That summer, Cantellano began a pilot evening tennis program at St. Paul’s Arkwright Park, also in a struggling neighborhood. “We knew that many at-risk kids were in summer school during the day, and we wanted to make sure that our program reached them,” she said.
The program was so successful that the city requested a similar program at Eastview in 2013. “We went into it … I don’t know if we were blind, but the first week [at Eastview] we had some concerns,” Cantellano said.
Coach Pana Vue, 19, remembers walking alone her first night to get equipment and being verbally harassed by a group of men. From then on, patrol cars drove by regularly. Coaches showed up and bonded enthusiastically with the kids. Mothers watched from their cars.
“As the summer went on, I became less and less scared,” Vue said. Best of all, she saw changes in the kids. She remembers two siblings who, for the first time, were allowed to walk alone to the park with walkie-talkies. Another child showed up every day for four weeks. Finally, his mother registered him.

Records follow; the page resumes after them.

(* Let $\lambda\in\{1,2\}$ and let $u,t,v,w$ be integers such that: $(u,t)$ satisfies $S_{\lambda,1}$ and $u\cdot(vw)=t^3+t^{\lambda}+1$ (so $u,t,vw$ are consecutive terms of $\langle u,t\rangle_{S_{\lambda,1}}=\langle t,vw\rangle_{S_{2,\lambda}}$); $(v,t)$ satisfies $S_{\lambda,1}$ (so $v,t,uw$ are consecutive terms of $\langle v,t\rangle_{S_{\lambda,1}}=\langle t,uw\rangle_{S_{2,\lambda}}$); $|t|$ is a prime; and $t\nmid (u-v)$. Then $(-w,t)$ satisfies $S_{\lambda,1}$, so $-w,t,-uv$ are, in that order, three consecutive terms of a third 4-chain $\langle -w,t\rangle_{S_{\lambda,1}}=\langle t,-uv\rangle_{S_{2,\lambda}}$.
   Context: For $\lambda_a,\lambda_b\in\{1,2\}$, a pair of integers $(x,y)$ satisfies the system $S_{\lambda_a,\lambda_b}$ if $x\mid y^3+y^{\lambda_a}+1$ and $y\mid x^3+x^{\lambda_b}+1$. For such a pair, $\langle x,y\rangle_{S_{\lambda_a,\lambda_b}}$ denotes the bi-infinite integer sequence $(u_n)$ with $u_0=x$, $u_1=y$ and $u_{n-1}u_{n+1}=u_n^3+u_n^{e_n}+1$ for all $n$, where $e_n$ has period 4 with $(e_0,e_1,e_2,e_3)=(\lambda_b,\lambda_a,3-\lambda_b,3-\lambda_a)$; sequences are identified up to shift and reversal of indices. "$u,t,s$, in that order, are three consecutive terms of $\langle u,t\rangle_{S_{\lambda_a,\lambda_b}}$" means $(u,t)$ satisfies $S_{\lambda_a,\lambda_b}$ and $us=t^3+t^{\lambda_a}+1$. *)

theory Defs
  imports "HOL-Computational_Algebra.Primes"
begin

definition satisfies_S :: "nat \<Rightarrow> nat \<Rightarrow> int \<Rightarrow> int \<Rightarrow> bool" where
  "satisfies_S la lb x y \<longleftrightarrow> x dvd y ^ 3 + y ^ la + 1 \<and> y dvd x ^ 3 + x ^ lb + 1"

text \<open>u, t, s are, in that order, three consecutive terms of the sequence generated by (u,t)
  for S_{la,lb}: (u,t) satisfies S_{la,lb} and u*s = t^3 + t^la + 1.\<close>
definition consec3 :: "nat \<Rightarrow> nat \<Rightarrow> int \<Rightarrow> int \<Rightarrow> int \<Rightarrow> bool" where
  "consec3 la lb u t s \<longleftrightarrow> satisfies_S la lb u t \<and> u * s = t ^ 3 + t ^ la + 1"

end

theory Submission
  imports Defs
begin

text \<open>Modulo the prime \<open>p = \<bar>t\<bar>\<close>, \<open>u\<close> and \<open>v\<close> are distinct roots of
  \<open>f x = x^3 + x + 1\<close>. By Vieta, the third root is \<open>-(u + v)\<close> and the product of the roots
  gives \<open>u v (u + v) \<equiv> 1\<close>. On the other hand \<open>u v w \<equiv> 1\<close>, because
  \<open>u v w = t^3 + t^\<lambda> + 1\<close>. Hence \<open>w \<equiv> u + v\<close>, so \<open>-w\<close> is a root of \<open>f\<close> modulo \<open>t\<close>,
  while \<open>-w\<close> divides \<open>t^3 + t^\<lambda> + 1 = (-w)(-uv)\<close>.\<close>

lemma depressed_cubic_diff:
  fixes a b u v :: "'a::comm_ring_1"
  shows "(u^3 + a*u + b) - (v^3 + a*v + b) = (u - v) * (u^2 + u*v + v^2 + a)"
  by (simp add: algebra_simps power2_eq_square power3_eq_cube)

lemma depressed_cubic_third_root:
  fixes a b u v :: "'a::comm_ring_1"
  shows "(-(u+v))^3 + a*(-(u+v)) + b
    = 2*(v^3 + a*v + b) - (u^3 + a*u + b) - 3*v*(u^2 + u*v + v^2 + a)"
  by (simp add: algebra_simps power2_eq_square power3_eq_cube)

lemma depressed_cubic_root_product:
  fixes a b u v :: "'a::comm_ring_1"
  shows "u*v*(u+v) - b = v*(u^2 + u*v + v^2 + a) - (v^3 + a*v + b)"
  by (simp add: algebra_simps power2_eq_square power3_eq_cube)

lemma prime_dvd_depressed_cubic_quotient:
  fixes p a b u v :: int
  assumes "prime p" "p dvd u^3 + a*u + b" "p dvd v^3 + a*v + b" "\<not> p dvd u - v"
  shows "p dvd u^2 + u*v + v^2 + a"
proof -
  have "p dvd (u - v) * (u^2 + u*v + v^2 + a)"
    using assms(2,3) by (metis depressed_cubic_diff dvd_diff)
  with assms(1,4) show ?thesis by (simp add: prime_dvd_mult_iff)
qed

lemma prime_dvd_depressed_cubic_third_root:
  fixes p a b u v :: int
  assumes "prime p" "p dvd u^3 + a*u + b" "p dvd v^3 + a*v + b" "\<not> p dvd u - v"
  shows "p dvd (-(u+v))^3 + a*(-(u+v)) + b"
    and "p dvd u*v*(u+v) - b"
proof -
  note e = prime_dvd_depressed_cubic_quotient[OF assms]
  show "p dvd (-(u+v))^3 + a*(-(u+v)) + b"
    unfolding depressed_cubic_third_root
    by (rule dvd_diff[OF dvd_diff[OF dvd_mult[OF assms(3)] assms(2)] dvd_mult[OF e]])
  show "p dvd u*v*(u+v) - b"
    unfolding depressed_cubic_root_product[of u v b a] by (rule dvd_diff[OF dvd_mult[OF e] assms(3)])
qed

lemma prime_dvd_cancel_unit_product:
  fixes p b c s w :: int
  assumes "prime p" "\<not> p dvd b" "p dvd c*s - b" "p dvd c*w - b"
  shows "p dvd w - s"
proof -
  have "p dvd c * (w - s)"
    using dvd_diff[OF assms(4,3)] by (simp add: algebra_simps)
  moreover have "\<not> p dvd c"
  proof
    assume "p dvd c"
    then have "p dvd c*w - (c*w - b)"
      by (rule dvd_diff[OF dvd_mult2 assms(4)])
    then have "p dvd b"
      by simp
    with assms(2) show False ..
  qed
  ultimately show ?thesis
    using assms(1) by (simp add: prime_dvd_mult_iff)
qed

lemma dvd_depressed_cubic_cong:
  fixes p a b x y :: int
  assumes "p dvd x - y" "p dvd y^3 + a*y + b"
  shows "p dvd x^3 + a*x + b"
proof -
  have "x^3 + a*x + b = (x - y) * (x^2 + x*y + y^2 + a) + (y^3 + a*y + b)"
    using depressed_cubic_diff[of x a b y] by (simp add: algebra_simps)
  with assms show ?thesis by (metis dvd_add dvd_mult2)
qed

theorem theorem12:
  fixes lam :: nat and u t v w :: int
  assumes "lam \<in> {1, 2}"
    and "satisfies_S lam 1 u t"
    and "u * (v * w) = t ^ 3 + t ^ lam + 1"
    and "satisfies_S lam 1 v t"
    and "prime \<bar>t\<bar>"
    and "\<not> t dvd (u - v)"
  shows "satisfies_S lam 1 (- w) t \<and> consec3 lam 1 (- w) t (- (u * v))"
proof -
  have fu: "\<bar>t\<bar> dvd u^3 + 1*u + 1" and fv: "\<bar>t\<bar> dvd v^3 + 1*v + 1"
    using assms(2,4) by (simp_all add: satisfies_S_def)
  have distinct: "\<not> \<bar>t\<bar> dvd u - v"
    using assms(6) by simp
  note roots = prime_dvd_depressed_cubic_third_root[OF assms(5) fu fv distinct]
  have "u*v*w - 1 = t^3 + t^lam"
    using assms(3) by (simp add: algebra_simps)
  then have "\<bar>t\<bar> dvd u*v*w - 1"
    using assms(1) by auto
  moreover have "\<not> \<bar>t\<bar> dvd 1"
    using assms(5) by (simp add: prime_int_iff)
  ultimately have "\<bar>t\<bar> dvd w - (u+v)"
    using prime_dvd_cancel_unit_product[OF assms(5) _ roots(2)] by simp
  then have "\<bar>t\<bar> dvd -w - -(u+v)"
    by (metis dvd_minus_iff minus_diff_eq diff_minus_eq_add uminus_add_conv_diff)
  from dvd_depressed_cubic_cong[OF this roots(1)]
  have "\<bar>t\<bar> dvd (-w)^3 + (-w)^1 + 1"
    by simp
  moreover have prod: "(-w) * (-(u*v)) = t^3 + t^lam + 1"
    using assms(3) by (simp add: algebra_simps)
  ultimately have "satisfies_S lam 1 (-w) t"
    by (simp add: satisfies_S_def) (metis dvd_triv_left)
  with prod show ?thesis
    by (simp add: consec3_def)
qed

end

The lessons at Eastview went far beyond serving.
“All sports teach good sportsmanship,” Cantellano said. “But, in tennis, you call your own lines. That teaches kids to call the ball correctly, to be honest. Either you’re going to be a cheater or you’re not.”
And something else: “There’s no clock in tennis, which promotes perseverance,” she said. “You always have an opportunity to come back and win.”
That goes for kids — and communities.
“Early on it was like: Who’s going to win? Are we going to be able to run urban tennis or are they going to stop it?” Cantellano said. “Last year was a huge change,” she said, noting that the program (stpaulurbantennis.org) returns in June to Eastview and will be added to Central Village in Frogtown.
Tetu agrees. “What is so cool is that, when little kids are doing the stretch drill, they’re really motivated and people are laughing. That was what was missing from the park,” Tetu said.
“Joy. We finally hear laughter in the park.”